The Towards Russia Party (Ուժեղ Հայաստան Ռուսաստանի հետ), also known as Strong Armenia with Russia Party, is an Armenian political party.

==History==
The party held its founding congress on 6 February 2021 and it is led by Hayk Babukhanyan. The party does not have any political representation within the National Assembly and currently acts as an extra-parliamentary force.

Following the 2020–2021 Armenian protests, the party confirmed that it would participate in the 2021 Armenian parliamentary elections, but ultimately the party failed to register.

Hayk Babukhanyan held a meeting with Mher Mesropyan, leader of the Voice of the Nation Party. The leaders discussed possible cooperation between the two parties. Representatives from the Constitutional Rights Union and the National Unity Party were also present and endorsed the creation of a political alliance. All four parties called for greater integration between Armenia and Russia, while also supporting closer ties between Artsakh and Russia.

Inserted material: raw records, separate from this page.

text \<open>
  Since \<open>f k\<close> is a trigonometric polynomial of degree \<open>d k\<close>, its Taylor series at \<open>t\<close>
  converges everywhere; together with \<open>d k / M k \<le> \<epsilon> / C\<close> it bounds the increments
  \<open>|f k s - f k t|\<close> for \<open>|s - t| \<le> 1 / M k\<close> by
  \<open>\<Sum>m\<ge>1. (\<epsilon> / C)^m / m! * |f k^(m) t| / d k^m\<close>.
  The average over the cell of length \<open>1 / M k\<close> containing \<open>t\<close> only sees such increments,
  so \<open>|E |f k| - |f k||\<close> and \<open>|E (f k) - f k|\<close> are bounded pointwise by this series.
  Iterating the Bernstein inequality bounds the L1(l2) norm of \<open>(f k^(m) / d k^m)\<^sub>k\<close>
  by \<open>C^m\<close> times that of \<open>(f k)\<^sub>k\<close>, so the averaging error is at most \<open>e^\<epsilon> - 1\<close>
  times the norm of \<open>(f k)\<^sub>k\<close>. Both inequalities follow since \<open>(1 - \<epsilon>) e^\<epsilon> \<le> 1\<close>,
  the second one by absorbing the error into the left-hand side. Absorption needs a finite
  norm, so it is carried out for the first \<open>K\<close> functions; the full norm is the supremum
  over \<open>K\<close>.
\<close>

section \<open>Trigonometric polynomials\<close>

definition trig_poly_deriv :: "(nat \<Rightarrow> complex) \<Rightarrow> nat \<Rightarrow> nat \<Rightarrow> real \<Rightarrow> complex" where
  "trig_poly_deriv c n m t =
     (\<Sum>j\<le>n. c j * (2 * of_real pi * \<i> * of_nat j) ^ m
                 * exp (2 * of_real pi * \<i> * of_nat j * of_real t))"

lemma H1_eq_range: "H1 n = range (\<lambda>c. trig_poly_deriv c n 0)"
  unfolding H1_def trig_poly_deriv_def by (auto simp: fun_eq_iff)

lemma zero_in_H1: "(\<lambda>t. 0) \<in> H1 n"
proof -
  have "(\<lambda>t. 0) = trig_poly_deriv (\<lambda>j. 0) n 0"
    by (simp add: fun_eq_iff trig_poly_deriv_def)
  then show ?thesis
    unfolding H1_eq_range by blast
qed

lemma trig_poly_deriv_divide_in_H1: "(\<lambda>t. trig_poly_deriv c n m t / x) \<in> H1 n"
proof -
  have "(\<lambda>t. trig_poly_deriv c n m t / x)
          = trig_poly_deriv (\<lambda>j. c j * (2 * of_real pi * \<i> * of_nat j) ^ m / x) n 0"
    by (simp add: fun_eq_iff trig_poly_deriv_def sum_divide_distrib)
  then show ?thesis
    unfolding H1_eq_range by blast
qed

lemma has_vector_derivative_trig_poly_deriv:
  "(trig_poly_deriv c n m has_vector_derivative trig_poly_deriv c n (Suc m) t) (at t)"
proof -
  have *: "((\<lambda>t. c j * a ^ m * exp (a * of_real t)) has_vector_derivative
             c j * a ^ Suc m * exp (a * of_real t)) (at t)" for a :: complex and j
  proof -
    have "((\<lambda>z. c j * a ^ m * exp (a * z)) has_field_derivative c j * a ^ Suc m * exp (a * of_real t))
            (at (of_real t))"
      by (auto intro!: derivative_eq_intros)
    from has_vector_derivative_real_field[OF this] show ?thesis .
  qed
  show ?thesis
    unfolding trig_poly_deriv_def by (rule has_vector_derivative_sum, rule *)
qed

lemma continuous_on_trig_poly_deriv: "continuous_on S (trig_poly_deriv c n m)"
  using has_vector_derivative_trig_poly_deriv
  by (meson continuous_on_vector_derivative has_vector_derivative_at_within)

lemma borel_measurable_trig_poly_deriv: "trig_poly_deriv c n m \<in> borel_measurable lborel"
  by (simp add: borel_measurable_continuous_onI continuous_on_trig_poly_deriv)

lemma norm_trig_poly_deriv_le:
  "norm (trig_poly_deriv c n m t) \<le> (\<Sum>j\<le>n. norm (c j)) * (2 * pi * n) ^ m"
proof -
  have "norm (exp (2 * of_real pi * \<i> * of_nat j * of_real t)) = 1" for j
    by (simp add: norm_exp)
  moreover have "(2 * pi * j) ^ m \<le> (2 * pi * n) ^ m" if "j \<le> n" for j
    using that by (intro power_mono) auto
  ultimately have "norm (trig_poly_deriv c n m t) \<le> (\<Sum>j\<le>n. norm (c j) * (2 * pi * n) ^ m)"
    unfolding trig_poly_deriv_def
    by (intro order_trans[OF norm_sum] sum_mono) (auto simp: norm_mult norm_power intro!: mult_left_mono)
  then show ?thesis
    by (simp add: sum_distrib_right)
qed

lemma trig_poly_taylor:
  "(\<lambda>m. trig_poly_deriv c n m t * of_real ((s - t) ^ m / fact m)) sums trig_poly_deriv c n 0 s"
proof -
  have *: "(\<lambda>m. c j * a ^ m * exp (a * of_real t) * of_real ((s - t) ^ m / fact m))
             sums (c j * a ^ 0 * exp (a * of_real s))" for j and a :: complex
  proof -
    have "(\<lambda>m. (a * of_real (s - t)) ^ m /\<^sub>R fact m) sums exp (a * of_real (s - t))"
      by (rule exp_converges)
    then have "(\<lambda>m. c j * exp (a * of_real t) * ((a * of_real (s - t)) ^ m /\<^sub>R fact m))
                 sums (c j * exp (a * of_real t) * exp (a * of_real (s - t)))"
      by (rule sums_mult)
    then show ?thesis
      by (simp add: power_mult_distrib scaleR_conv_of_real divide_inverse mult_ac
          flip: exp_add distrib_left)
  qed
  show ?thesis
    unfolding trig_poly_deriv_def sum_distrib_right by (rule sums_sum, rule *)
qed

lemma summable_trig_poly_deriv_taylor:
  "summable (\<lambda>m. norm (trig_poly_deriv c n m t) * h ^ m / fact m)"
proof (rule summable_comparison_test')
  let ?B = "\<Sum>j\<le>n. norm (c j)"
  show "summable (\<lambda>m. ?B * (inverse (fact m) * (2 * pi * n * \<bar>h\<bar>) ^ m))"
    by (intro summable_mult summable_exp)
  show "norm (norm (trig_poly_deriv c n m t) * h ^ m / fact m)
          \<le> ?B * (inverse (fact m) * (2 * pi * n * \<bar>h\<bar>) ^ m)" for m
    using mult_right_mono[OF norm_trig_poly_deriv_le, of "\<bar>h\<bar> ^ m / fact m" c n m t]
    by (simp add: abs_mult power_abs power_mult_distrib field_simps)
qed
text \<open>The columns of \<open>X = S W - W diag(l)\<close> satisfy the hypotheses above.\<close>

lemma psd_sqrt_unique:
  assumes U: "unitary n W" and l: "\<forall>k<n. l k \<ge> 0"
    and S: "psd n S" and SS: "S * S = W * diagm n (\<lambda>k. l k * l k) * adj W"
  shows "S = W * diagm n l * adj W"
proof -
  have W: "W \<in> carrier_mat n n" "adj W * W = 1\<^sub>m n" "W * adj W = 1\<^sub>m n"
    using U unitary_right[OF U] by (auto simp: unitary_def)
  have Sc: "S \<in> carrier_mat n n" using S by (auto simp: psd_def)
  define X where "X = S * W - W * diagm n l"
  have SSW: "S * (S * W) = W * diagm n (\<lambda>k. l k * l k)"
  proof -
    have "S * (S * W) = (S * S) * W" using Sc W by (simp add: assoc_mult_mat[of _ n n _ n _ n])
    also have "\<dots> = W * (diagm n (\<lambda>k. l k * l k) * (adj W * W))"
      unfolding SS using W by (simp add: assoc_mult_mat[of _ n n _ n _ n])
    finally show ?thesis using W by simp
  qed
  have SWe: "(S * W) $$ (i,k) = (\<Sum>j<n. S $$ (i,j) * W $$ (j,k))" if "i < n" "k < n" for i k
    using that Sc W by (intro mat_mult_entry) auto
  have Xe: "X $$ (i,k) = (S * W) $$ (i,k) - W $$ (i,k) * complex_of_real (l k)" if "i < n" "k < n" for i k
    using that Sc W by (simp add: X_def mult_diagm_entry)
  have SXe: "(\<Sum>j<n. S $$ (i,j) * X $$ (j,k)) = - complex_of_real (l k) * X $$ (i,k)"
    if i: "i < n" and k: "k < n" for i k
  proof -
    have "(\<Sum>j<n. S $$ (i,j) * X $$ (j,k))
        = (\<Sum>j<n. S $$ (i,j) * (S * W) $$ (j,k)) - (\<Sum>j<n. S $$ (i,j) * W $$ (j,k)) * complex_of_real (l k)"
      using k by (simp add: Xe right_diff_distrib sum_subtractf sum_distrib_right mult.assoc)
    also have "(\<Sum>j<n. S $$ (i,j) * (S * W) $$ (j,k)) = W $$ (i,k) * complex_of_real (l k * l k)"
      using i k Sc W SSW mat_mult_entry[of S n n "S * W" n i k] by (simp add: mult_diagm_entry)
    finally show ?thesis using i k by (simp add: Xe SWe algebra_simps)
  qed
  have X0: "X $$ (i,k) = 0" if "i < n" "k < n" for i k
    using psd_negative_eigenvector_zero[OF S, of "l k" "\<lambda>j. X $$ (j,k)" "\<lambda>j. W $$ (j,k)"]
      that l SXe Xe SWe by (simp add: mult.commute)
  have SW: "S * W = W * diagm n l"
  proof (rule eq_matI)
    fix i k assume "i < dim_row (W * diagm n l)" "k < dim_col (W * diagm n l)"
    hence ik: "i < n" "k < n" using W by auto
    have "X $$ (i,k) = (S * W) $$ (i,k) - (W * diagm n l) $$ (i,k)"
      using ik Sc W by (simp add: X_def)
    thus "(S * W) $$ (i,k) = (W * diagm n l) $$ (i,k)" using X0[OF ik] by simp
  qed (use Sc W in auto)
  have "S = S * (W * adj W)" using W Sc by simp
  also have "\<dots> = (S * W) * adj W" using W Sc by (simp add: assoc_mult_mat[of _ n n _ n _ n])
  finally show ?thesis unfolding SW .
qed
lemma injective_mat_avoids_coordinates:
  fixes Y :: "real mat"
  assumes Y: "Y \<in> carrier_mat n k" and inj: "mat_injective Y"
    and T: "T \<subseteq> {..<n}" and card_T: "card T < k"
  obtains z where "z \<in> carrier_vec k" "Y *\<^sub>v z \<noteq> 0\<^sub>v n" "\<And>i. i \<in> T \<Longrightarrow> (Y *\<^sub>v z) $ i = 0"
proof -
  define ts where "ts = sorted_list_of_set T"
  have ts: "set ts = T" "length ts = card T"
    unfolding ts_def using finite_subset[OF T] by auto
  have ts_sub: "set ts \<subseteq> {..<n}" using ts(1) T by simp
  define S :: "real mat" where "S = sel_mat n ts"
  have St: "transpose_mat S \<in> carrier_mat (length ts) n" unfolding S_def by simp
  obtain z where z: "z \<in> carrier_vec k" "z \<noteq> 0\<^sub>v k"
    and Sz: "(transpose_mat S * Y) *\<^sub>v z = 0\<^sub>v (length ts)"
    using wide_mat_kernel[of "transpose_mat S * Y" "length ts" k] St Y card_T ts(2) by auto
  have Yz: "Y *\<^sub>v z \<in> carrier_vec n" using Y z by simp
  have "(Y *\<^sub>v z) $ i = 0" if "i \<in> T" for i
  proof -
    have "i \<in> set ts" using that ts(1) by simp
    then obtain a where a: "a < length ts" "ts ! a = i" by (auto simp: in_set_conv_nth)
    have "(Y *\<^sub>v z) $ i = (transpose_mat S *\<^sub>v (Y *\<^sub>v z)) $ a"
      using sel_mat_transpose_mult_vec[OF ts_sub Yz a(1)] a(2) unfolding S_def by simp
    also have "\<dots> = 0" using Sz a(1) assoc_mult_mat_vec[OF St Y z(1)] by simp
    finally show ?thesis .
  qed
  moreover have "Y *\<^sub>v z \<noteq> 0\<^sub>v n" using inj z Y unfolding mat_injective_def by auto
  ultimately show ?thesis using that z(1) by blast
qed

text \<open>Variational lower bound (one half of Courant-Fischer): if the quadratic form of a
  symmetric M is at least c times the squared norm on a k-dimensional subspace (the column
  space of an injective X), then M has at least k eigenvalues that are at least c.
  Otherwise, in eigenvector coordinates, that subspace would contain a nonzero vector
  supported on the eigenvalues below c.\<close>
lemma eigenvalue_count_ge:
  fixes M X :: "real mat"
  assumes M: "M \<in> carrier_mat n n" and sym: "transpose_mat M = M"
    and X: "X \<in> carrier_mat n k" and inj: "mat_injective X"
    and form: "\<And>z. z \<in> carrier_vec k \<Longrightarrow>
      c * ((X *\<^sub>v z) \<bullet> (X *\<^sub>v z)) \<le> (X *\<^sub>v z) \<bullet> (M *\<^sub>v (X *\<^sub>v z))"
  shows "k \<le> size (filter_mset (\<lambda>x. c \<le> x) (eigenvalues_mset M))"
proof (rule ccontr)
  obtain U D where sim: "similar_mat_wit M D U (transpose_mat U)" and diag: "diagonal_mat D"
    using real_symmetric_spectral[OF M sym] by blast
  note w = similar_mat_witD2[OF M sim]
  have U: "U \<in> carrier_mat n n" and D: "D \<in> carrier_mat n n" and Ut: "transpose_mat U \<in> carrier_mat n n"
    using w by auto
  define T where "T = {i. i < n \<and> c \<le> D $$ (i,i)}"
  assume "\<not> ?thesis"
  hence "card T < k"
    unfolding eigenvalues_mset_diagonalization[OF M sim diag] count_diag_mat[OF D] T_def by simp
  moreover have "mat_injective (transpose_mat U * X)"
    using mat_injective_mult[OF Ut X isometry_injective[OF Ut] inj] w by simp
  ultimately obtain z where z: "z \<in> carrier_vec k" and y0: "transpose_mat U * X *\<^sub>v z \<noteq> 0\<^sub>v n"
    and y_T: "\<And>i. i \<in> T \<Longrightarrow> (transpose_mat U * X *\<^sub>v z) $ i = 0"
    using injective_mat_avoids_coordinates[of "transpose_mat U * X" n k T] U X
    unfolding T_def by auto
  define y where "y = transpose_mat U * X *\<^sub>v z"
  have y: "y \<in> carrier_vec n" unfolding y_def using U X z by simp
  have "U *\<^sub>v y = (U * transpose_mat U) *\<^sub>v (X *\<^sub>v z)"
    unfolding y_def using U X z by simp
  hence Uy: "U *\<^sub>v y = X *\<^sub>v z" using w X z by simp
  have "y \<bullet> (D *\<^sub>v y) < c * (y \<bullet> y)"
    by (rule diagonal_form_less[OF D diag y y0[folded y_def]]) (use y_T in \<open>auto simp: y_def T_def\<close>)
  moreover have "c * (y \<bullet> y) \<le> y \<bullet> (D *\<^sub>v y)"
    using form[OF z] diagonalization_form[OF M sim y] unfolding Uy by simp
  ultimately show False by simp
qed

text \<open>The mirror statement for an upper bound, obtained by applying the previous lemma to -M.\<close>
lemma eigenvalue_count_le:
  fixes M X :: "real mat"
  assumes M: "M \<in> carrier_mat n n" and sym: "transpose_mat M = M"
    and X: "X \<in> carrier_mat n k" and inj: "mat_injective X"
    and form: "\<And>z. z \<in> carrier_vec k \<Longrightarrow>
      (X *\<^sub>v z) \<bullet> (M *\<^sub>v (X *\<^sub>v z)) \<le> c * ((X *\<^sub>v z) \<bullet> (X *\<^sub>v z))"
  shows "k \<le> size (filter_mset (\<lambda>x. x \<le> c) (eigenvalues_mset M))"
proof -
  have "k \<le> size (filter_mset (\<lambda>x. - c \<le> x) (eigenvalues_mset (- M)))"
  proof (rule eigenvalue_count_ge[OF _ _ X inj])
    show "- M \<in> carrier_mat n n" "transpose_mat (- M) = - M" using M sym by (auto simp: transpose_uminus)
    fix z :: "real vec" assume z: "z \<in> carrier_vec k"
    thus "- c * ((X *\<^sub>v z) \<bullet> (X *\<^sub>v z)) \<le> (X *\<^sub>v z) \<bullet> (- M *\<^sub>v (X *\<^sub>v z))"
      using form[OF z] M X by simp
  qed
  thus ?thesis unfolding eigenvalues_mset_uminus[OF M sym] filter_mset_image_mset by simp
qed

On 13 April 2021, the Towards Russia Party, the Voice of the Nation Party, and the Constitutional Rights Union officially announced the formation of a political alliance named "New Union". Meanwhile, the Alliance Party initially supported the "New Union" alliance, but opted not to join.

==Ideology==
The party is staunchly pro-Russian, and calls for Armenia to create a deeper partnership with Russia and to join the Union State of Belarus and Russia. In February 2021, the party held a rally in Yerevan where Hayk Babukhanyan stated, "Long live a strong Armenia with Russia, long live the military-political brotherhood of the Russian-Armenian peoples." The party also calls for increasing the defense and security budget.

The party has opposed Prime Minister Nikol Pashinyan's Pro-Western policies and has claimed Pashinyan is being ruled by George Soros.